## ACTIVITY
Your answer should be every line below that includes the word "definition".

---------------

(* In the Cucker–Smale setting below, assume $\sum_{p=0}^{\infty}\ln\left(\frac{e^{\tilde K(t_{2p+2}-t_{2p+1})}}{2-e^{\tilde K(t_{2p+2}-t_{2p+1})}}\right)<+\infty$. Then for all $t\ge0$, $$d_V(t)\le\bar M^0:=e^{\sum_{p=0}^{\infty}\ln\left(\frac{e^{\tilde K(t_{2p+2}-t_{2p+1})}}{2-e^{\tilde K(t_{2p+2}-t_{2p+1})}}\right)}d_V(0).$$
   Context: Setting: $N\ge2$; $\tilde\psi:\mathbb{R}\to\mathbb{R}$ positive, bounded, continuous, with $\tilde K:=\|\tilde\psi\|_\infty$ and $\int_0^\infty\min_{r\in[0,x]}\tilde\psi(r)dx=+\infty$; $\{t_n\}_{n\in\mathbb{N}_0}$ increasing, nonnegative, $t_0=0$, $t_n\to\infty$, with $t_{2n+2}-t_{2n+1}<\frac{\ln2}{\tilde K}$ and $t_{2n+1}-t_{2n}>\frac1{\tilde K}$ for all $n$; $\alpha(0)=1$, $\alpha=1$ on $(t_{2n},t_{2n+1})$, $\alpha=-1$ on $[t_{2n+1},t_{2n+2}]$. $\{(x_i,v_i)\}$ solves $x_i'=v_i$, $v_i'(t)=\frac1{N-1}\sum_{j\ne i}\alpha(t)\tilde\psi(|x_i(t)-x_j(t)|)(v_j(t)-v_i(t))$, $t>0$, $x_i(0)=x_i^0$, $v_i(0)=v_i^0\in\mathbb{R}^d$ (continuous, $C^1$ on each $(t_n,t_{n+1})$). $d_V(t):=\max_{i,j}|v_i(t)-v_j(t)|$. *)

theory Defs
  imports "HOL-Analysis.Analysis"
begin

definition alpha_sw :: "(nat \<Rightarrow> real) \<Rightarrow> real \<Rightarrow> real" where
  "alpha_sw ts t = (if t = 0 then 1
     else if (\<exists>n. ts (2*n) < t \<and> t < ts (2*n+1)) then 1 else -1)"

definition dV :: "nat \<Rightarrow> (nat \<Rightarrow> real \<Rightarrow> 'a::real_normed_vector) \<Rightarrow> real \<Rightarrow> real" where
  "dV N v t = Max {norm (v i t - v j t) | i j. i < N \<and> j < N}"

end

theory Submission
  imports Defs
begin

(*
  Let D be the velocity diameter. If the pair (i, j) realises D at some time, every other
  velocity lies within distance |v_i - v_j| of both v_i and v_j, so for alpha = 1 the coupling
  pulls v_i and v_j towards each other and D is nonincreasing on each positive phase
  [t_2n, t_2n+1]. On any phase the coupling term has norm at most K D, so D grows at most by
  the factor exp (2 K tau_p) on the negative phase of length tau_p; since y / (2 - y) >= y^2
  for 0 < y < 2, this factor is at most exp (K tau_p) / (2 - exp (K tau_p)). Chaining the
  periods gives the bound. Both growth statements are proved for the maximum of the finitely
  many functions |v_i - v_j|^2 by a barrier argument at a first touching time.
*)

section \<open>Growth of the maximum of finitely many functions\<close>

lemma closed_real_induction:
  fixes a b :: real
  assumes "closed S" "a \<in> S" "a \<le> b"
    and step: "\<And>s. s \<in> S \<Longrightarrow> a \<le> s \<Longrightarrow> s < b \<Longrightarrow> eventually (\<lambda>y. y \<in> S) (at_right s)"
  shows "\<exists>s\<in>S. b \<le> s"
proof -
  define T where "T = S \<inter> {a..b}"
  have T: "closed T" "a \<in> T" "bdd_above T"
    using assms(1-3) by (auto simp: T_def)
  define s where "s = Sup T"
  have sT: "s \<in> T"
    unfolding s_def using T closed_contains_Sup by blast
  show ?thesis
  proof (cases "s < b")
    case True
    have "eventually (\<lambda>y. y \<in> S \<and> y \<in> {s<..<b}) (at_right s)"
      using step[of s] sT True eventually_at_right_real[OF True]
      by (auto simp: T_def intro: eventually_conj)
    then obtain y where "y \<in> S" "s < y" "y < b"
      using eventually_happens[of _ "at_right s"] by auto
    then have "y \<in> T" "s < y"
      using sT by (auto simp: T_def)
    with T(3) show ?thesis
      unfolding s_def by (meson cSup_upper not_less)
  next
    case False
    then show ?thesis using sT by (auto simp: T_def)
  qed
qed

lemma eventually_at_right_le_affine:
  fixes g :: "real \<Rightarrow> real"
  assumes "s < b" "0 \<le> e" "continuous_on {s..b} g" "g s \<le> c"
    and touching: "g s = c \<Longrightarrow> (g has_real_derivative g') (at s) \<and> g' < e"
  shows "eventually (\<lambda>y. g y \<le> c + e * (y - s)) (at_right s)"
proof (cases "g s < c")
  case True
  have "(g \<longlongrightarrow> g s) (at s within {s..b})"
    using assms(1,3) by (simp add: continuous_on_def)
  then have "(g \<longlongrightarrow> g s) (at_right s)"
    by (simp add: at_within_Icc_at_right[OF assms(1)])
  from order_tendstoD(2)[OF this True] eventually_at_right_less[of s] show ?thesis
  proof eventually_elim
    case (elim y)
    moreover have "0 \<le> e * (y - s)"
      using \<open>0 \<le> e\<close> elim by simp
    ultimately show ?case
      by linarith
  qed
next
  case False
  with assms(4) have "g s = c"
    by simp
  with touching have deriv: "(g has_real_derivative g') (at s)" and "g' < e"
    by auto
  have "((\<lambda>y. (g y - g s) / (y - s)) \<longlongrightarrow> g') (at_right s)"
    using has_field_derivative_at_within[OF deriv] by (simp add: has_field_derivative_iff)
  from order_tendstoD(2)[OF this \<open>g' < e\<close>] eventually_at_right_less[of s] show ?thesis
  proof eventually_elim
    case (elim y)
    then have "g y - g s < e * (y - s)"
      by (simp add: divide_less_eq)
    with \<open>g s = c\<close> show ?case
      by simp
  qed
qed

lemma finite_family_le_barrier:
  fixes f f' :: "'p \<Rightarrow> real \<Rightarrow> real"
  assumes "finite P" "a \<le> b" "e > 0"
    and cont: "\<And>p. p \<in> P \<Longrightarrow> continuous_on {a..b} (f p)"
    and deriv: "\<And>p t. p \<in> P \<Longrightarrow> t \<in> {a<..<b} \<Longrightarrow> (f p has_real_derivative f' p t) (at t)"
    and deriv_at_max: "\<And>p t. p \<in> P \<Longrightarrow> t \<in> {a<..<b} \<Longrightarrow> (\<forall>q\<in>P. f q t \<le> f p t) \<Longrightarrow> f' p t \<le> 0"
    and init: "\<And>p. p \<in> P \<Longrightarrow> f p a \<le> M"
  shows "\<forall>p\<in>P. f p b \<le> M + e * (b - a) + e"
proof -
  define bnd where "bnd x = M + e * (x - a) + e" for x
  define S where "S = {x\<in>{a..b}. \<forall>p\<in>P. f p x \<le> bnd x}"
  have "closed {x\<in>{a..b}. f p x \<le> bnd x}" if "p \<in> P" for p
    by (rule continuous_on_closed_Collect_le) (auto simp: bnd_def intro!: cont that continuous_intros)
  moreover have "S = {a..b} \<inter> (\<Inter>p\<in>P. {x\<in>{a..b}. f p x \<le> bnd x})"
    by (auto simp: S_def)
  ultimately have "closed S"
    by auto
  moreover have "a \<in> S"
    using assms(2,3) init by (force simp: S_def bnd_def)
  moreover have "eventually (\<lambda>y. y \<in> S) (at_right s)" if "s \<in> S" "a \<le> s" "s < b" for s
  proof -
    have "eventually (\<lambda>y. f p y \<le> bnd s + e * (y - s)) (at_right s)" if p: "p \<in> P" for p
    proof (rule eventually_at_right_le_affine)
      show "continuous_on {s..b} (f p)"
        using continuous_on_subset[OF cont[OF p], of "{s..b}"] \<open>a \<le> s\<close> by auto
      show "f p s \<le> bnd s"
        using \<open>s \<in> S\<close> p by (auto simp: S_def)
      assume eq: "f p s = bnd s"
      then have "s \<noteq> a"
        using init[OF p] \<open>e > 0\<close> by (auto simp: bnd_def)
      with \<open>a \<le> s\<close> \<open>s < b\<close> have s: "s \<in> {a<..<b}"
        by auto
      moreover have "\<forall>q\<in>P. f q s \<le> f p s"
        using \<open>s \<in> S\<close> eq by (auto simp: S_def)
      ultimately show "(f p has_real_derivative f' p s) (at s) \<and> f' p s < e"
        using deriv[OF p s] deriv_at_max[OF p] \<open>e > 0\<close> by fastforce
    qed (use \<open>s < b\<close> \<open>e > 0\<close> in auto)
    then have "eventually (\<lambda>y. f p y \<le> bnd y) (at_right s)" if "p \<in> P" for p
      using that by (simp add: bnd_def algebra_simps)
    then have "eventually (\<lambda>y. \<forall>p\<in>P. f p y \<le> bnd y) (at_right s)"
      using \<open>finite P\<close> by (simp add: eventually_ball_finite)
    with eventually_at_right_real[OF \<open>s < b\<close>] show ?thesis
      by eventually_elim (use \<open>a \<le> s\<close> in \<open>auto simp: S_def\<close>)
  qed
  ultimately obtain s where "s \<in> S" "b \<le> s"
    using closed_real_induction[of S a b] \<open>a \<le> b\<close> by blast
  then show ?thesis
    by (auto simp: S_def bnd_def)
qed
(* If $p\in\mathbb{N}$ is odd, then there does not exist a UPB in $(\mathbb{C}^2)^{\otimes p}$ consisting of exactly $p+2$ states.
   Context: A product state in $(\mathbb{C}^2)^{\otimes p}$ is a vector $|v_1\rangle\otimes\cdots\otimes|v_p\rangle$ with each $|v_j\rangle\in\mathbb{C}^2$. A $p$-qubit unextendible product basis (UPB) is a finite set $\mathcal{S}\subseteq(\mathbb{C}^2)^{\otimes p}$ of unit product vectors that are pairwise orthogonal, such that no nonzero product vector outside $\mathcal{S}$ is orthogonal to every element of $\mathcal{S}$. The size (number of states) of a UPB is its number of elements. *)

theory Defs
  imports Complex_Main
begin

text \<open>The space (C^2)^{tensor p} is modelled as complex-valued functions on the
computational basis, i.e. on bit strings of length p, encoded as functions
nat => bool that are False outside {0..<p}.  Values outside the basis are
irrelevant (the inner product only sums over the basis).\<close>

definition bitstrings :: "nat \<Rightarrow> (nat \<Rightarrow> bool) set" where
  "bitstrings p = {b. \<forall>i\<ge>p. b i = False}"

type_synonym qvec = "(nat \<Rightarrow> bool) \<Rightarrow> complex"

definition qinner :: "nat \<Rightarrow> qvec \<Rightarrow> qvec \<Rightarrow> complex" where
  "qinner p x y = (\<Sum>b\<in>bitstrings p. cnj (x b) * y b)"

definition tensor :: "nat \<Rightarrow> (nat \<Rightarrow> bool \<Rightarrow> complex) \<Rightarrow> qvec" where
  "tensor p v = (\<lambda>b. if b \<in> bitstrings p then (\<Prod>i<p. v i (b i)) else 0)"

definition is_product :: "nat \<Rightarrow> qvec \<Rightarrow> bool" where
  "is_product p x \<longleftrightarrow> (\<exists>v. x = tensor p v)"

definition is_UPB :: "nat \<Rightarrow> qvec set \<Rightarrow> bool" where
  "is_UPB p S \<longleftrightarrow>
     finite S \<and>
     (\<forall>x\<in>S. is_product p x \<and> qinner p x x = 1) \<and>
     (\<forall>x\<in>S. \<forall>y\<in>S. x \<noteq> y \<longrightarrow> qinner p x y = 0) \<and>
     (\<forall>z. is_product p z \<and> z \<noteq> (\<lambda>_. 0) \<and> z \<notin> S \<longrightarrow> (\<exists>x\<in>S. qinner p x z \<noteq> 0))"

---------------

## RESPONSE BELOW
definition alpha_sw :: "(nat \<Rightarrow> real) \<Rightarrow> real \<Rightarrow> real" where
definition dV :: "nat \<Rightarrow> (nat \<Rightarrow> real \<Rightarrow> 'a::real_normed_vector) \<Rightarrow> real \<Rightarrow> real" where
definition bitstrings :: "nat \<Rightarrow> (nat \<Rightarrow> bool) set" where
definition qinner :: "nat \<Rightarrow> qvec \<Rightarrow> qvec \<Rightarrow> complex" where
definition tensor :: "nat \<Rightarrow> (nat \<Rightarrow> bool \<Rightarrow> complex) \<Rightarrow> qvec" where
definition is_product :: "nat \<Rightarrow> qvec \<Rightarrow> bool" where
definition is_UPB :: "nat \<Rightarrow> qvec set \<Rightarrow> bool" where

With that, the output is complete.